Verdian is the participant from Solok who did not join the previous Kurun Niaga Project. On these high locations during the process which needs a long time, he imagined the many locations down there as puzzles. In his mind, he felt like wanting to move it and reorganize it in his ideal way.
Besides that, Autonica, who currently has been living more than one month in Solok, saw the landscapes left several untold stories. There are so many events down there that are not told yet. It goes the same for Anggra, as the person who does not grow up in Solok. She anticipated her point of view to not get trapped in the exoticization. It needs a very long time to map Solok very well. However, in the context of this project, her sketches catch several anthropological aspects, and she can feel several changes of the landscape.

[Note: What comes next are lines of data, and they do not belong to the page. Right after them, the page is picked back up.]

(* Let $G$ be a graph whose $\operatorname{IR}$-graph $H=G(\operatorname{IR})$ is connected, and let $X$ be an $\operatorname{IR}(G)$-set such that either (i) the induced subgraph $G[X]$ has exactly one edge, or (ii) $X$ is independent and at least two vertices of $X$ have $X$-external private neighbours. Then $X$ lies on an induced $4$-cycle of $H$.
   Context: All graphs are finite and simple. For $G=(V,E)$, $D\subseteq V$, $v\in D$: $\operatorname{PN}(v,D)=N[v]-N[D-\{v\}]$ and $\operatorname{EPN}(v,D)=\operatorname{PN}(v,D)-D$; elements of $\operatorname{EPN}(v,D)$ are the $D$-external private neighbours of $v$. $D$ is irredundant if $\operatorname{PN}(v,D)\neq\varnothing$ for all $v\in D$; $\operatorname{IR}(G)$ is the maximum size of an irredundant set; an $\operatorname{IR}(G)$-set is an irredundant set of that size. $G(\operatorname{IR})$ has the $\operatorname{IR}(G)$-sets as vertices, with $D\sim D'$ iff there exist $u\in D$, $v\in D'$ with $uv\in E(G)$ and $D'=(D-\{u\})\cup\{v\}$. *)

theory Defs
  imports Main
begin

definition simple_graph :: "'a set \<Rightarrow> ('a \<Rightarrow> 'a \<Rightarrow> bool) \<Rightarrow> bool" where
  "simple_graph V E \<longleftrightarrow> finite V \<and> (\<forall>u v. E u v \<longrightarrow> u \<in> V \<and> v \<in> V)
     \<and> (\<forall>u v. E u v \<longrightarrow> E v u) \<and> (\<forall>v. \<not> E v v)"

definition cnbhd :: "'a set \<Rightarrow> ('a \<Rightarrow> 'a \<Rightarrow> bool) \<Rightarrow> 'a \<Rightarrow> 'a set" where
  "cnbhd V E v = insert v {u \<in> V. E v u}"

definition cnbhd_set :: "'a set \<Rightarrow> ('a \<Rightarrow> 'a \<Rightarrow> bool) \<Rightarrow> 'a set \<Rightarrow> 'a set" where
  "cnbhd_set V E S = (\<Union>v\<in>S. cnbhd V E v)"

definition PN :: "'a set \<Rightarrow> ('a \<Rightarrow> 'a \<Rightarrow> bool) \<Rightarrow> 'a \<Rightarrow> 'a set \<Rightarrow> 'a set" where
  "PN V E v D = cnbhd V E v - cnbhd_set V E (D - {v})"

definition EPN :: "'a set \<Rightarrow> ('a \<Rightarrow> 'a \<Rightarrow> bool) \<Rightarrow> 'a \<Rightarrow> 'a set \<Rightarrow> 'a set" where
  "EPN V E v D = PN V E v D - D"

definition irredundant :: "'a set \<Rightarrow> ('a \<Rightarrow> 'a \<Rightarrow> bool) \<Rightarrow> 'a set \<Rightarrow> bool" where
  "irredundant V E D \<longleftrightarrow> D \<subseteq> V \<and> (\<forall>v\<in>D. PN V E v D \<noteq> {})"

definition IR :: "'a set \<Rightarrow> ('a \<Rightarrow> 'a \<Rightarrow> bool) \<Rightarrow> nat" where
  "IR V E = Max (card ` {D. irredundant V E D})"

definition IR_set :: "'a set \<Rightarrow> ('a \<Rightarrow> 'a \<Rightarrow> bool) \<Rightarrow> 'a set \<Rightarrow> bool" where
  "IR_set V E D \<longleftrightarrow> irredundant V E D \<and> card D = IR V E"

definition IR_adj :: "'a set \<Rightarrow> ('a \<Rightarrow> 'a \<Rightarrow> bool) \<Rightarrow> 'a set \<Rightarrow> 'a set \<Rightarrow> bool" where
  "IR_adj V E D D' \<longleftrightarrow> IR_set V E D \<and> IR_set V E D' \<and>
     (\<exists>u\<in>D. \<exists>v\<in>D'. E u v \<and> D' = (D - {u}) \<union> {v})"

definition IR_graph_connected :: "'a set \<Rightarrow> ('a \<Rightarrow> 'a \<Rightarrow> bool) \<Rightarrow> bool" where
  "IR_graph_connected V E \<longleftrightarrow>
     (\<forall>D D'. IR_set V E D \<longrightarrow> IR_set V E D' \<longrightarrow> (IR_adj V E)\<^sup>*\<^sup>* D D')"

The most impressive moment for Anggra is when she visited Sawahlunto city; a city that is built on the rivers and rice fields after the invention of the coals.
This discussion enriches the perspective of each participants who are involved in this project. Albert also connected it to the traditional paint “Mooi Indie” ((Beautiful Indies) or the habit of painting beautiful nature which is quite well-developed in West Sumatra since colonial era. Many of its figures emerged in West Sumatra. On some studies which are presented by Albert on the TV screen during the discussion, most of this practice often depict the beauty of nature, prioritize its details, similarity, and the excellence of realist technique, also it inclines to frame the objects for the needs of decoration for the European public. Even some paintings of Wakidi eliminate some modern objects.
On Kurun Niaga curation, we emphasize more on the process to reread the history, connect ourselves to the narrative of history, and catch the knowledge aspect. This interpretation is expected to fill in the blank space of the history narrative and to be an alternative perfective to see the problem or local potentials. Experimenting about the ability of art practices as a research medium.
This discussion is closed by specifying some sketches which we need to complete the needs for public presentation or open lab. This presentation will be presented to ignite public response toward the project theme, which will be held on 28 December 2020, at Rumah Tamera.